ASSIGNMENT:
Please print the entries below exactly, from the line with "monos2 \<Longrightarrow> \<bar>real_of_int" through the line with "c \<in> (\<lambda>t.", including both of those lines and leaving out all others.

Stored items:
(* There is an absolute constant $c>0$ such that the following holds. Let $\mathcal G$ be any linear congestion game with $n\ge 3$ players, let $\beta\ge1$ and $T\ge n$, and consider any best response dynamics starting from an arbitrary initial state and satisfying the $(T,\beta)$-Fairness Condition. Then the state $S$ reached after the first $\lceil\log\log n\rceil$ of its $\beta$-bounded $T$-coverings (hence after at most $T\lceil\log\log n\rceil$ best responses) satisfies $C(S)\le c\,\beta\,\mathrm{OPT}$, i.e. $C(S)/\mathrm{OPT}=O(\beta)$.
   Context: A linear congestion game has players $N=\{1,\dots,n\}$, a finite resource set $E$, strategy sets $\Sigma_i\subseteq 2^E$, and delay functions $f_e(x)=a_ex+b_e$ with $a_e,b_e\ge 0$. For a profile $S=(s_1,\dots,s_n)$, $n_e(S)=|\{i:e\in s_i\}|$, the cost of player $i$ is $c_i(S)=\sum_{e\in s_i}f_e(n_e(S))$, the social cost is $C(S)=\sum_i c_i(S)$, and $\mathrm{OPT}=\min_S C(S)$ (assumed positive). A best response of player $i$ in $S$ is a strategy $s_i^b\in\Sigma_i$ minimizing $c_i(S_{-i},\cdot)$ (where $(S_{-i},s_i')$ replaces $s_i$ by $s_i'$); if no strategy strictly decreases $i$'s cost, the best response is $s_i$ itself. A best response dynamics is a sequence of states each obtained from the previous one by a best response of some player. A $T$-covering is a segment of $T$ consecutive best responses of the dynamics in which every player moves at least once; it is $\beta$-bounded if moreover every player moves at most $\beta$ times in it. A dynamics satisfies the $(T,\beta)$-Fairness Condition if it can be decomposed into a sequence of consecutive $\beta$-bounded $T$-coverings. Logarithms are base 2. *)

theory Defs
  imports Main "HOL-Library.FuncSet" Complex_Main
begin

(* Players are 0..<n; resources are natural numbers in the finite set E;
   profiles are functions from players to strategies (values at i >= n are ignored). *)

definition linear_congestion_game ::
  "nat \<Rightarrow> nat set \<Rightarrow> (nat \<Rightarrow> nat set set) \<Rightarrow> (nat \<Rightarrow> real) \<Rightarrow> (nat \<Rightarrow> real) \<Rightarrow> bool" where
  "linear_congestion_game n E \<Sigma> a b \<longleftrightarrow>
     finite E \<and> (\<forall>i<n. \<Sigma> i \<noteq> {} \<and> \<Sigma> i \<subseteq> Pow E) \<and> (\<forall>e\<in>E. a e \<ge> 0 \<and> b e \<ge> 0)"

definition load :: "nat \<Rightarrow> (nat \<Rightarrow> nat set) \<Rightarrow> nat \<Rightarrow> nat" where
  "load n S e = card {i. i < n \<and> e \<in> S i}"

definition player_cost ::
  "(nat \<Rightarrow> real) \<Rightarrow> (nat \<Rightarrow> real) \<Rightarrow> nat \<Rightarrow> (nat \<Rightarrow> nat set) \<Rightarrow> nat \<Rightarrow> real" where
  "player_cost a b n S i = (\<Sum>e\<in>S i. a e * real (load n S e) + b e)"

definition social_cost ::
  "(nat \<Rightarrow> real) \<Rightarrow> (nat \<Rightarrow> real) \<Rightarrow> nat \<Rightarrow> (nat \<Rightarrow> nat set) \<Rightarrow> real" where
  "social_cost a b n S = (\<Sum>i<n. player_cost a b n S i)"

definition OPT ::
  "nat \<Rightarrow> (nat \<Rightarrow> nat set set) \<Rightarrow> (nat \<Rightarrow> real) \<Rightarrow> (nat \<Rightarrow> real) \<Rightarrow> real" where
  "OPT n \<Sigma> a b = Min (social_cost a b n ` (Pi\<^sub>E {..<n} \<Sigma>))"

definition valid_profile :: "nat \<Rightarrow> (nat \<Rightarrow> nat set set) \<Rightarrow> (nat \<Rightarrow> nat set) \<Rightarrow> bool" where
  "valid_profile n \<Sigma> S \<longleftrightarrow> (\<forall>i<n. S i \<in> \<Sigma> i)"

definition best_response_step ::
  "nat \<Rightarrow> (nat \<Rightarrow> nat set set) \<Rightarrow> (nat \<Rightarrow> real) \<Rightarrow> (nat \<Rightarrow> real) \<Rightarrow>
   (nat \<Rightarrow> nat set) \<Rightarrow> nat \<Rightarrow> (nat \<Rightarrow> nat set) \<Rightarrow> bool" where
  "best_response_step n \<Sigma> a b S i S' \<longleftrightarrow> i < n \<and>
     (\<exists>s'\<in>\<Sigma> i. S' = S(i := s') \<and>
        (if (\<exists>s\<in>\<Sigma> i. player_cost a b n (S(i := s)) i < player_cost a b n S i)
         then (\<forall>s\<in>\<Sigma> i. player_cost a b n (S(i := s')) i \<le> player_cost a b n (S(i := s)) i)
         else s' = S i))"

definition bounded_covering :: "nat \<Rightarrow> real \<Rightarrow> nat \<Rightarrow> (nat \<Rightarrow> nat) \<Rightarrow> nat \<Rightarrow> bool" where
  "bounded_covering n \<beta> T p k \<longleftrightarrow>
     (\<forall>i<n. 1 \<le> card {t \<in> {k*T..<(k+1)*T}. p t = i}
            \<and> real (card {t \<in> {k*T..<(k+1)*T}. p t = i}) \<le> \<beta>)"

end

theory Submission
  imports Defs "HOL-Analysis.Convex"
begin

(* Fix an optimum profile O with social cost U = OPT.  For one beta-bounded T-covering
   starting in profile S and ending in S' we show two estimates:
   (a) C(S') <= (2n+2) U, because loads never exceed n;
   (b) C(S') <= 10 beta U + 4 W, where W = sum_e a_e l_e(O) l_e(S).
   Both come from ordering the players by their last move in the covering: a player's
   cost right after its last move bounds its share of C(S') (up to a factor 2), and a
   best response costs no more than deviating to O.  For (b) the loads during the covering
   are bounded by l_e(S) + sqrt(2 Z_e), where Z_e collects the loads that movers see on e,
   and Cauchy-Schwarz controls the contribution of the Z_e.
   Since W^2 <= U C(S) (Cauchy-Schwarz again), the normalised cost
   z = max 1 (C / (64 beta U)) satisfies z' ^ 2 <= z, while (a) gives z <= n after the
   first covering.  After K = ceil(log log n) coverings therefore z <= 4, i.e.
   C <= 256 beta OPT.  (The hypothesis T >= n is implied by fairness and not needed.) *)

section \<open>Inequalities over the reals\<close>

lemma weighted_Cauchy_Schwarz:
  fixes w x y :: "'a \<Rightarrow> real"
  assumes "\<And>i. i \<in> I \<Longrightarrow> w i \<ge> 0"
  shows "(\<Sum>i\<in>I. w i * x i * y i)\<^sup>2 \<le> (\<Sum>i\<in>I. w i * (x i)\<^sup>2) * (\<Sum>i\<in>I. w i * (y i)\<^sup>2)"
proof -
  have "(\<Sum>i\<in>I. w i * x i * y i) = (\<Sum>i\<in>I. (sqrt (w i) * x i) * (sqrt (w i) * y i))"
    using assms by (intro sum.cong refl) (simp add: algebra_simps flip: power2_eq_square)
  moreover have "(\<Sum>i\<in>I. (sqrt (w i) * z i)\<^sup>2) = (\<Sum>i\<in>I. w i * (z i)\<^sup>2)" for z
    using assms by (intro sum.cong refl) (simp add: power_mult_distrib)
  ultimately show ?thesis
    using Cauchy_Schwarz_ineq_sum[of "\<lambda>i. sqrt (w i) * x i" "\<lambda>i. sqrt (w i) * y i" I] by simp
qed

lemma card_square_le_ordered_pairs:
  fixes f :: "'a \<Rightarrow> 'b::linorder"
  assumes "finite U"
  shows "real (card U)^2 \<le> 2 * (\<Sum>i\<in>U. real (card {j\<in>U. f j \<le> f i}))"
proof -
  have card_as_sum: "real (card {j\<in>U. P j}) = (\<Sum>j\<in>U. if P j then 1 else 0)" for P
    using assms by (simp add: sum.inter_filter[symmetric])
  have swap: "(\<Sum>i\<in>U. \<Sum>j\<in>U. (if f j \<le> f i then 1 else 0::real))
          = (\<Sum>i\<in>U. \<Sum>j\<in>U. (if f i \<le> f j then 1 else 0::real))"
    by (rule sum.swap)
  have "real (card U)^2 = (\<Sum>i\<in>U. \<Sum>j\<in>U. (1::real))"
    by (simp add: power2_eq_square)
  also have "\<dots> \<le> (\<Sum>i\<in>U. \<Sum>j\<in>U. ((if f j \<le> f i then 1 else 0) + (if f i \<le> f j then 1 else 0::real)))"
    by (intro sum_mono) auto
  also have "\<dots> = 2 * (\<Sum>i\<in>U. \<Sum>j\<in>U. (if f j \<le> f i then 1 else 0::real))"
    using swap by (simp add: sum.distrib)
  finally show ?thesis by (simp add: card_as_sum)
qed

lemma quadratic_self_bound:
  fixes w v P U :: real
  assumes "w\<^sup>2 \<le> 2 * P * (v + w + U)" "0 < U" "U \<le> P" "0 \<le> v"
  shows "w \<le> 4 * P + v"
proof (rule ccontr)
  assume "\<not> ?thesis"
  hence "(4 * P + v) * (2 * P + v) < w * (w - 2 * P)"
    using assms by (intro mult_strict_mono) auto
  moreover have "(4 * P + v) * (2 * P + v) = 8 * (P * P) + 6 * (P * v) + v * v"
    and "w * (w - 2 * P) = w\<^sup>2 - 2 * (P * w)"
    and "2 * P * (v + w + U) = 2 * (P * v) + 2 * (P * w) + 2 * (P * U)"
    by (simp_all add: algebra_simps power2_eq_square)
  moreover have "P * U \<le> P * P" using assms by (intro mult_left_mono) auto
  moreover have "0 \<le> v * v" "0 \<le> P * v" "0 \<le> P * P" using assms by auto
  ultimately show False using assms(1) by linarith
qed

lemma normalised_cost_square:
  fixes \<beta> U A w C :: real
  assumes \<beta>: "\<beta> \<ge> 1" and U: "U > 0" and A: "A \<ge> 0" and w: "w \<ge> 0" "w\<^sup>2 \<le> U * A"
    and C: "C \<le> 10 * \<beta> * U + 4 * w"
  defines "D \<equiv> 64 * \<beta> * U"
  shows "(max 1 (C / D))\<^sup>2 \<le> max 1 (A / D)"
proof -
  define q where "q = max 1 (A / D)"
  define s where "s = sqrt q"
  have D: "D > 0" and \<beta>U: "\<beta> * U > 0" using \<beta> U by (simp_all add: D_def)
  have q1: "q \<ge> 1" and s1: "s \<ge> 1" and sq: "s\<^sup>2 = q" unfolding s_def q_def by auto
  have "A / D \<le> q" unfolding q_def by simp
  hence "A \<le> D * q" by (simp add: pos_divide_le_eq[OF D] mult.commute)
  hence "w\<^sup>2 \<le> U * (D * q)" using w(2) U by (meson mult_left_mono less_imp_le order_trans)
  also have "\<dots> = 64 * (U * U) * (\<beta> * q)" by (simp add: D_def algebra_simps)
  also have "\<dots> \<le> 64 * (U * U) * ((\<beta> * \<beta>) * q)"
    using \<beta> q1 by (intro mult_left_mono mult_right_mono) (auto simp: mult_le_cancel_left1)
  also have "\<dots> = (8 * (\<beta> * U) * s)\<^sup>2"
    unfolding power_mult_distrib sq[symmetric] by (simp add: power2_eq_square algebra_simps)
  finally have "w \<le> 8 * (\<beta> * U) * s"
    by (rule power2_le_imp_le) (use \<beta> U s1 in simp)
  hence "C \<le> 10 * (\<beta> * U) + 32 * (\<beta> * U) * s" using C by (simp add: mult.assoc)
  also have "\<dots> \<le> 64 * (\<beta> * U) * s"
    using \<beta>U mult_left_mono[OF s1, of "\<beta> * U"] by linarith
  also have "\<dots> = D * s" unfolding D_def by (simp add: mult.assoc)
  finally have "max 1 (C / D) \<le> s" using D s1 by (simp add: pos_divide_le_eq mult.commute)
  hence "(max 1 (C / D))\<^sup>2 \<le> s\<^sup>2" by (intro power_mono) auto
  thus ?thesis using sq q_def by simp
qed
--
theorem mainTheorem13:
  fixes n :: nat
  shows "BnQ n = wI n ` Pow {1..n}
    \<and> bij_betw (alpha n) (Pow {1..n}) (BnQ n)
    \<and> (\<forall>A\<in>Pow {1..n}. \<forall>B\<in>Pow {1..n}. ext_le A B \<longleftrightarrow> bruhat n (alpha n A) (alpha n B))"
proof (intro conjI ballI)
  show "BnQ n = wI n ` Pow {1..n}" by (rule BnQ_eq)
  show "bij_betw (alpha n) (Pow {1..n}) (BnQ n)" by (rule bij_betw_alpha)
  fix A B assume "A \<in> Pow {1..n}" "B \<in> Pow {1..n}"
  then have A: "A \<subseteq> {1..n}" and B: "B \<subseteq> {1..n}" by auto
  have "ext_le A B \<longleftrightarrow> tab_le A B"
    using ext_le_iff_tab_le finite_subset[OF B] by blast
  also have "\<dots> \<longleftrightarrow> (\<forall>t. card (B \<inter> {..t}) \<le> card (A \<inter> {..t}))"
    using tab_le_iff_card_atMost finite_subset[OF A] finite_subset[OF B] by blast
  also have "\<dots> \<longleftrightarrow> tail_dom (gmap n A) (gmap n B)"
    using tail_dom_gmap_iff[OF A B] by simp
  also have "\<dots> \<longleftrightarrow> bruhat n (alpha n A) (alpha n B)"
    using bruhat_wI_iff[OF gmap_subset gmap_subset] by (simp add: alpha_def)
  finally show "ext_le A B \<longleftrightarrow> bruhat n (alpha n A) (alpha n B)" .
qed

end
...
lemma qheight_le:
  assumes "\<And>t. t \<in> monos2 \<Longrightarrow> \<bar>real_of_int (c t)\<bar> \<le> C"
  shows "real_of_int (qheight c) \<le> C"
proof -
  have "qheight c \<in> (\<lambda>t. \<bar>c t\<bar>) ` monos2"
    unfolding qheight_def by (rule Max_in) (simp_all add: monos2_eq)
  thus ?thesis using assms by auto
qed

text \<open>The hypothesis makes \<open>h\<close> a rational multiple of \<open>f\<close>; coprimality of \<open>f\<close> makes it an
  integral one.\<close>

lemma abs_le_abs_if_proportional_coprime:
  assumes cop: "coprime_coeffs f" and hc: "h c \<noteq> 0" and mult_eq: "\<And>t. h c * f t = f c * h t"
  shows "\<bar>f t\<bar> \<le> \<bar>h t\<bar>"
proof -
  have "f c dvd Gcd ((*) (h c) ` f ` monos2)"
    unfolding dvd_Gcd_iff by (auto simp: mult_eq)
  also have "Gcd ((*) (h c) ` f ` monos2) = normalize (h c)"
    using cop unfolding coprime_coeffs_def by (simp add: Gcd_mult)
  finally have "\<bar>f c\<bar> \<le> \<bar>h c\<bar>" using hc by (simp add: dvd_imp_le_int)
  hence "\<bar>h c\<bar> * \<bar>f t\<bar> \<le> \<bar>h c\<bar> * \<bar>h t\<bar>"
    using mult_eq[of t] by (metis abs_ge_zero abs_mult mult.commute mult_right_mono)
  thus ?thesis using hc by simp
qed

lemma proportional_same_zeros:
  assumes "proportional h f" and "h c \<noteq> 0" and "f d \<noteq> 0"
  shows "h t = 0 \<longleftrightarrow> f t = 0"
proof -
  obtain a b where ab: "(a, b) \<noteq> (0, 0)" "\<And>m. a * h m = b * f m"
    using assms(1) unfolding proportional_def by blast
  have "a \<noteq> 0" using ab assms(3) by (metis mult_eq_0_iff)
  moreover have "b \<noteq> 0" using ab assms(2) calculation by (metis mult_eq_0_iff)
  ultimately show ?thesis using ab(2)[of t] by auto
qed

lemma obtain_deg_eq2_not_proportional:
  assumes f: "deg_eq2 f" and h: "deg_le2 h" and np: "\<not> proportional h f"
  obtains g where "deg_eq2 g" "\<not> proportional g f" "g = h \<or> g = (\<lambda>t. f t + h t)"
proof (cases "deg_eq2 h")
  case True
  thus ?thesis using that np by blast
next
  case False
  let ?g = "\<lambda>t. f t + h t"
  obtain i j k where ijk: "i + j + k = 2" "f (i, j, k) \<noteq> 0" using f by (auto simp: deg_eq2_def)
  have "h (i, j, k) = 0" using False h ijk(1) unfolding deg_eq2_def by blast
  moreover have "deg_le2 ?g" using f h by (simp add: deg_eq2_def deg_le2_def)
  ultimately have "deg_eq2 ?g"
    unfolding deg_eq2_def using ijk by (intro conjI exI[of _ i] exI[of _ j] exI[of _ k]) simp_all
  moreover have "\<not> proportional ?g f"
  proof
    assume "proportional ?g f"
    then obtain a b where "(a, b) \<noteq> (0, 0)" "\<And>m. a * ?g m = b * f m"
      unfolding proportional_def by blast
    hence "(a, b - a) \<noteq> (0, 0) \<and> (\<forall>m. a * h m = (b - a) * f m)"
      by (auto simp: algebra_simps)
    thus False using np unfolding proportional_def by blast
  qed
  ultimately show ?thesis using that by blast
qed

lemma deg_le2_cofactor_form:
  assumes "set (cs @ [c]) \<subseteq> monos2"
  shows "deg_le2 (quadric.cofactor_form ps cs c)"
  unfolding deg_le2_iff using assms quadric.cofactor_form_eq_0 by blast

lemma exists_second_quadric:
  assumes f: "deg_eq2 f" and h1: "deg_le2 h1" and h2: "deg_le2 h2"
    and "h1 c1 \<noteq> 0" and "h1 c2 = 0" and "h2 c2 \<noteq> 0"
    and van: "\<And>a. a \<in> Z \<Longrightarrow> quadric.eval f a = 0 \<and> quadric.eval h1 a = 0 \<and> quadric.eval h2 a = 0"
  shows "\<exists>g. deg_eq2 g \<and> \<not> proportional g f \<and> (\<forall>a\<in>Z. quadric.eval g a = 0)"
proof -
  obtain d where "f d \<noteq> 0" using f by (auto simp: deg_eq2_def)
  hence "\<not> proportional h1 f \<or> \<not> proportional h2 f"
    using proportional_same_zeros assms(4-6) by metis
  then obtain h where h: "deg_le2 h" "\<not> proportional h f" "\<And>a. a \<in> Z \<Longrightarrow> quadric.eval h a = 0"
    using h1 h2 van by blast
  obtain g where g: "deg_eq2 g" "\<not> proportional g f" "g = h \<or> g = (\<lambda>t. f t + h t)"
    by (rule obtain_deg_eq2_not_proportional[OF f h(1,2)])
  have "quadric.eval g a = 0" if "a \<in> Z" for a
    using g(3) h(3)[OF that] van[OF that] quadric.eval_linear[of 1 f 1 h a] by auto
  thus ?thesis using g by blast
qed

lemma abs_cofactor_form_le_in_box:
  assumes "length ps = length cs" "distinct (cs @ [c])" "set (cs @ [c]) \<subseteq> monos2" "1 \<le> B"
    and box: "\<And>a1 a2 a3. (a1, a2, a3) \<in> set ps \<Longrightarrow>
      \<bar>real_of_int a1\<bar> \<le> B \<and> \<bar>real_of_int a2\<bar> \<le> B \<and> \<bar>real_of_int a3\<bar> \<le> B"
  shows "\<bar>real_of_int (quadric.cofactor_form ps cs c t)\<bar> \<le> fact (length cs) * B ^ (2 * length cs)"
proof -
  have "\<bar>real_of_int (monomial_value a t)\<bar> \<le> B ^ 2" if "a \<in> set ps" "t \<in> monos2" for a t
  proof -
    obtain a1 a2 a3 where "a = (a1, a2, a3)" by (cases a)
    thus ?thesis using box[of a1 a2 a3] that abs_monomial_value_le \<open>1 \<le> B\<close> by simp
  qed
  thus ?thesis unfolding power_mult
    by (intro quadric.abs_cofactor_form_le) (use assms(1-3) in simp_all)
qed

SOLUTION FOR THIS TASK:
  assumes "\<And>t. t \<in> monos2 \<Longrightarrow> \<bar>real_of_int (c t)\<bar> \<le> C"
  shows "real_of_int (qheight c) \<le> C"
proof -
  have "qheight c \<in> (\<lambda>t. \<bar>c t\<bar>) ` monos2"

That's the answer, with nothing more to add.